■ **Task prompt**:
Set down exactly the lines of the listing below, please, beginning with the first and ending with the line that holds "h \<xi> = (\<Sum>i\<in>S.".

START Material provided

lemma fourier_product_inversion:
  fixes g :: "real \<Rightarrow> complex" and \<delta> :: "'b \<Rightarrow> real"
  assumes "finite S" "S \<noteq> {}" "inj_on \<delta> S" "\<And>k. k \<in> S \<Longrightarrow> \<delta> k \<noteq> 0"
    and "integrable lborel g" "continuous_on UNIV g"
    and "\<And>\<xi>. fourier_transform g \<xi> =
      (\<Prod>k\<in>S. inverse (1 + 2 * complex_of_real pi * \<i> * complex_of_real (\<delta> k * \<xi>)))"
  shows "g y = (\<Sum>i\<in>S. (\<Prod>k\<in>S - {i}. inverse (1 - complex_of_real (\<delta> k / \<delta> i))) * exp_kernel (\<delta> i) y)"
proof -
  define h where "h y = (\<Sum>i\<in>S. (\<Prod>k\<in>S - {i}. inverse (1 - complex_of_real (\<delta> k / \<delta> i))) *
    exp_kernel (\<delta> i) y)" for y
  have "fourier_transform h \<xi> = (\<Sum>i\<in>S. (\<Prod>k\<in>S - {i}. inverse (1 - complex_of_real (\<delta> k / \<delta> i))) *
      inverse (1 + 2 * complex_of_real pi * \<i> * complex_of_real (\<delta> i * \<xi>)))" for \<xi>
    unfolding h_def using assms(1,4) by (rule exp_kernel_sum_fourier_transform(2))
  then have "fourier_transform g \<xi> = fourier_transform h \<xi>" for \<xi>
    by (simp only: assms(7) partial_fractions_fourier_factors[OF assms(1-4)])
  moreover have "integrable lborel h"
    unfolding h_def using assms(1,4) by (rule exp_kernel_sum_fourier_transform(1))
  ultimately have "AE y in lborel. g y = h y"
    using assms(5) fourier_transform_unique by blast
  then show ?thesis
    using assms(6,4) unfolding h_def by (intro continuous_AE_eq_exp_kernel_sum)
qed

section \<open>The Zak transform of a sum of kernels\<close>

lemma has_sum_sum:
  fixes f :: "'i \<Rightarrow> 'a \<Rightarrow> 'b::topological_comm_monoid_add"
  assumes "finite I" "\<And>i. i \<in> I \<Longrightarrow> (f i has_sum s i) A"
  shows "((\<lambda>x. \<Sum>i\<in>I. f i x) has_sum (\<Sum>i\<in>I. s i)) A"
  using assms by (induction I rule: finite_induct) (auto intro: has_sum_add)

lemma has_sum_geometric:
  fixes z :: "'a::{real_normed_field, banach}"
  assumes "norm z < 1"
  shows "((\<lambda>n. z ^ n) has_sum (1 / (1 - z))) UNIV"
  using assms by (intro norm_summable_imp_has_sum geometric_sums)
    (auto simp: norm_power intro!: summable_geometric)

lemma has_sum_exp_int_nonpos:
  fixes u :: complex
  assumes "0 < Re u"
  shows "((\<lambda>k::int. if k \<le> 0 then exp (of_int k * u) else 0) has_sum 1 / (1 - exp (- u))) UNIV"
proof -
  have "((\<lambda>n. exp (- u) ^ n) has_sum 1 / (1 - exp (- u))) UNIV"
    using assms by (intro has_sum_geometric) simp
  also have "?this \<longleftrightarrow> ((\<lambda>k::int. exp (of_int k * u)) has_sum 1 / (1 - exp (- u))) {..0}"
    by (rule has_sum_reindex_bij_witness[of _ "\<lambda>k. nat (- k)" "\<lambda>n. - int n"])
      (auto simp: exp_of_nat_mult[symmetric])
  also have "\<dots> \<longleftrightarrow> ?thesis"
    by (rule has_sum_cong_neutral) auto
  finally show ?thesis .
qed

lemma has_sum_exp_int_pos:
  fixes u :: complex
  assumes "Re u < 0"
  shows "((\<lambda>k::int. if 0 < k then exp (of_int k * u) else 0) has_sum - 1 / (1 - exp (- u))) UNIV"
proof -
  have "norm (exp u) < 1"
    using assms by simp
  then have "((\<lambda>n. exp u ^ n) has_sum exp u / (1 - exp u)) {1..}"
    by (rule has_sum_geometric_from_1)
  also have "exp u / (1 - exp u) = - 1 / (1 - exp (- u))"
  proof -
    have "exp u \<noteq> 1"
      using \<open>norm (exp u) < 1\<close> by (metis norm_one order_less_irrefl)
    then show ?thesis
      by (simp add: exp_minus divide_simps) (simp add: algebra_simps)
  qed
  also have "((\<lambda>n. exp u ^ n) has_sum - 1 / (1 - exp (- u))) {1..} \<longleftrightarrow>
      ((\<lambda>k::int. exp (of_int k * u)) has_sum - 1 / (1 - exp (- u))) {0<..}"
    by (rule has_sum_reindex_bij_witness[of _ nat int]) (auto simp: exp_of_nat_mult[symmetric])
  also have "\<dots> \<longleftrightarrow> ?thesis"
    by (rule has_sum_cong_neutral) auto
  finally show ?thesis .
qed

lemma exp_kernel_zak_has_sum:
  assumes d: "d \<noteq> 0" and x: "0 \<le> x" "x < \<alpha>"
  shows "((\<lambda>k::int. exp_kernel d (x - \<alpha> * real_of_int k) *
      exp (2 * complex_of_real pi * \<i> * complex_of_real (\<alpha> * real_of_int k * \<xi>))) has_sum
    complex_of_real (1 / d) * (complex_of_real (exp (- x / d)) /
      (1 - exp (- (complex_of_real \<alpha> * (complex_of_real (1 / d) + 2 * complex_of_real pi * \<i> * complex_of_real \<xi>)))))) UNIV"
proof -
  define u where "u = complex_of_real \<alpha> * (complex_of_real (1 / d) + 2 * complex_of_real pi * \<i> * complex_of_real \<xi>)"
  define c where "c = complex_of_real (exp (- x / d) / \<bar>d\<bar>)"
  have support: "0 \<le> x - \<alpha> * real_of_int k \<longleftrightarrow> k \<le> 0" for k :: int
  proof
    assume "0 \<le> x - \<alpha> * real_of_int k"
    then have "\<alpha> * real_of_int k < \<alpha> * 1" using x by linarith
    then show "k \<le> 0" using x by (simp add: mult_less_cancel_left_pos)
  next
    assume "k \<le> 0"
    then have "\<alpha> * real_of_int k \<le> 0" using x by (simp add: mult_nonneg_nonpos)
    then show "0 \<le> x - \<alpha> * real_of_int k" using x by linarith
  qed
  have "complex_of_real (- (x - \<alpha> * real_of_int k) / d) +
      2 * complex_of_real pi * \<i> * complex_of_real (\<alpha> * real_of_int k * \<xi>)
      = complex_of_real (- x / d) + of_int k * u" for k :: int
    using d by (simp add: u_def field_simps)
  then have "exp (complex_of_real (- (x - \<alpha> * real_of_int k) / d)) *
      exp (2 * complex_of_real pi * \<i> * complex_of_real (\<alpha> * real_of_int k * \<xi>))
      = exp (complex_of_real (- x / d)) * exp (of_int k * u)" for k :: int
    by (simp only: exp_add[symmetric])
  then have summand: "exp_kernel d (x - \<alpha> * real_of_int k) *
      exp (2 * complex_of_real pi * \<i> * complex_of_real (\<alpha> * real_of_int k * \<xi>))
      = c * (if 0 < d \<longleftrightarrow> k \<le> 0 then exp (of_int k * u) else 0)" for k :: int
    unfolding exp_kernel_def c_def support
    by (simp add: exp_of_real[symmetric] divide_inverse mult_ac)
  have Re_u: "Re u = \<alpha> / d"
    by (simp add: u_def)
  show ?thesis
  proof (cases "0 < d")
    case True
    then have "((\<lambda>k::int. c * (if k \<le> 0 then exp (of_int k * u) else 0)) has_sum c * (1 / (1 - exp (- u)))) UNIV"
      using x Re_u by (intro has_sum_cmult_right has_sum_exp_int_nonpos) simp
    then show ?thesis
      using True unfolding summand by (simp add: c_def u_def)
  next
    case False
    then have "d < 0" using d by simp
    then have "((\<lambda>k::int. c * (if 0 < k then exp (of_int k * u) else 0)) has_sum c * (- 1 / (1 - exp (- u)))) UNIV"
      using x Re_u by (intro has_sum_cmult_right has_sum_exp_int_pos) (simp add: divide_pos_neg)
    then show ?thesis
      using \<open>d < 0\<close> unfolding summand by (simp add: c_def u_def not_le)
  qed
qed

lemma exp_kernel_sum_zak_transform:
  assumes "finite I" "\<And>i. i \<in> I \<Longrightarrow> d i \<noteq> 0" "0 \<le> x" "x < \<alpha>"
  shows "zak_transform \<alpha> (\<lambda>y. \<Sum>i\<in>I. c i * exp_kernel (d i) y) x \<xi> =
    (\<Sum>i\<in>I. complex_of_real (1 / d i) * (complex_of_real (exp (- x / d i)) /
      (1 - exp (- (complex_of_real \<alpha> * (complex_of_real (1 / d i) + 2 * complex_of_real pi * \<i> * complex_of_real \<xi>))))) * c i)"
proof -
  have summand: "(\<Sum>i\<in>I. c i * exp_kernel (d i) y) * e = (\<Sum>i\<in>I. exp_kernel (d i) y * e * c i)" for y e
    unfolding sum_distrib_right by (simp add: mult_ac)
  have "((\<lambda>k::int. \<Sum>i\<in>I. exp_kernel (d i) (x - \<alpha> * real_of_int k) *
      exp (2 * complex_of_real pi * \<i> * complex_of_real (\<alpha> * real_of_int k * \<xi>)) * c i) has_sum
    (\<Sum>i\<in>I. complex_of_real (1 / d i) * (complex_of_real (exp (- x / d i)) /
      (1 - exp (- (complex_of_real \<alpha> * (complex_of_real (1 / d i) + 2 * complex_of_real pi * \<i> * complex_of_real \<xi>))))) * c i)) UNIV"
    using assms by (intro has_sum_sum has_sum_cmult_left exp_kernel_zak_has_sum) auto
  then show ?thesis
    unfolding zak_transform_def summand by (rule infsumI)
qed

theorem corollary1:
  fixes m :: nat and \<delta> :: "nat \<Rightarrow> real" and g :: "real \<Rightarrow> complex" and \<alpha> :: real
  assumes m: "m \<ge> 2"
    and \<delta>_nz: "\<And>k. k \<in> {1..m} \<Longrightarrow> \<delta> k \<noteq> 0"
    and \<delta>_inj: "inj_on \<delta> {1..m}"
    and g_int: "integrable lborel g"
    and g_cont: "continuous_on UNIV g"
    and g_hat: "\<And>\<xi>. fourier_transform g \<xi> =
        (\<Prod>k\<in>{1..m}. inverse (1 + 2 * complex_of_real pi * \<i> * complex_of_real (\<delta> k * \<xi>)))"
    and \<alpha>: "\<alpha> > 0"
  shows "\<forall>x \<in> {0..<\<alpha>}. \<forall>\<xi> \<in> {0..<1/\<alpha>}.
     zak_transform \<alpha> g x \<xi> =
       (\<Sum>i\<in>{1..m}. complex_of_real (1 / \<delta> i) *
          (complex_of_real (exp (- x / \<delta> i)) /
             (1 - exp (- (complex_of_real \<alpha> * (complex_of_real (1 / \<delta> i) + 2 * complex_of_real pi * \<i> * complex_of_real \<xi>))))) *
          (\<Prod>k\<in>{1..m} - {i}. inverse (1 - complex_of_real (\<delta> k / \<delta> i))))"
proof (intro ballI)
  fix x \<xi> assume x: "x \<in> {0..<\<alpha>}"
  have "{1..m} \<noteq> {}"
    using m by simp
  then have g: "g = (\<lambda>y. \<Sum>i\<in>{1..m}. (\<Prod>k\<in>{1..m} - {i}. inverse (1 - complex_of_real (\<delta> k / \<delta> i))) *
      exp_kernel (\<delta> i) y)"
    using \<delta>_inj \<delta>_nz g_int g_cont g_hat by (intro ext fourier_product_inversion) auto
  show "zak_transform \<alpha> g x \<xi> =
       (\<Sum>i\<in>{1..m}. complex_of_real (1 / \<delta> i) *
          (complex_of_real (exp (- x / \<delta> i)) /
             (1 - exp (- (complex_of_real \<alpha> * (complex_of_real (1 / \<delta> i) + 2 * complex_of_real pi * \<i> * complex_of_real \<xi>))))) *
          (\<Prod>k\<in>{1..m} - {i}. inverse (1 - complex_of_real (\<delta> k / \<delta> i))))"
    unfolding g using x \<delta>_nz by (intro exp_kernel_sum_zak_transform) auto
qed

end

END Material provided

■ **Output of the exercise**:
lemma fourier_product_inversion:
  fixes g :: "real \<Rightarrow> complex" and \<delta> :: "'b \<Rightarrow> real"
  assumes "finite S" "S \<noteq> {}" "inj_on \<delta> S" "\<And>k. k \<in> S \<Longrightarrow> \<delta> k \<noteq> 0"
    and "integrable lborel g" "continuous_on UNIV g"
    and "\<And>\<xi>. fourier_transform g \<xi> =
      (\<Prod>k\<in>S. inverse (1 + 2 * complex_of_real pi * \<i> * complex_of_real (\<delta> k * \<xi>)))"
  shows "g y = (\<Sum>i\<in>S. (\<Prod>k\<in>S - {i}. inverse (1 - complex_of_real (\<delta> k / \<delta> i))) * exp_kernel (\<delta> i) y)"
proof -
  define h where "h y = (\<Sum>i\<in>S. (\<Prod>k\<in>S - {i}. inverse (1 - complex_of_real (\<delta> k / \<delta> i))) *
    exp_kernel (\<delta> i) y)" for y
  have "fourier_transform h \<xi> = (\<Sum>i\<in>S. (\<Prod>k\<in>S - {i}. inverse (1 - complex_of_real (\<delta> k / \<delta> i))) *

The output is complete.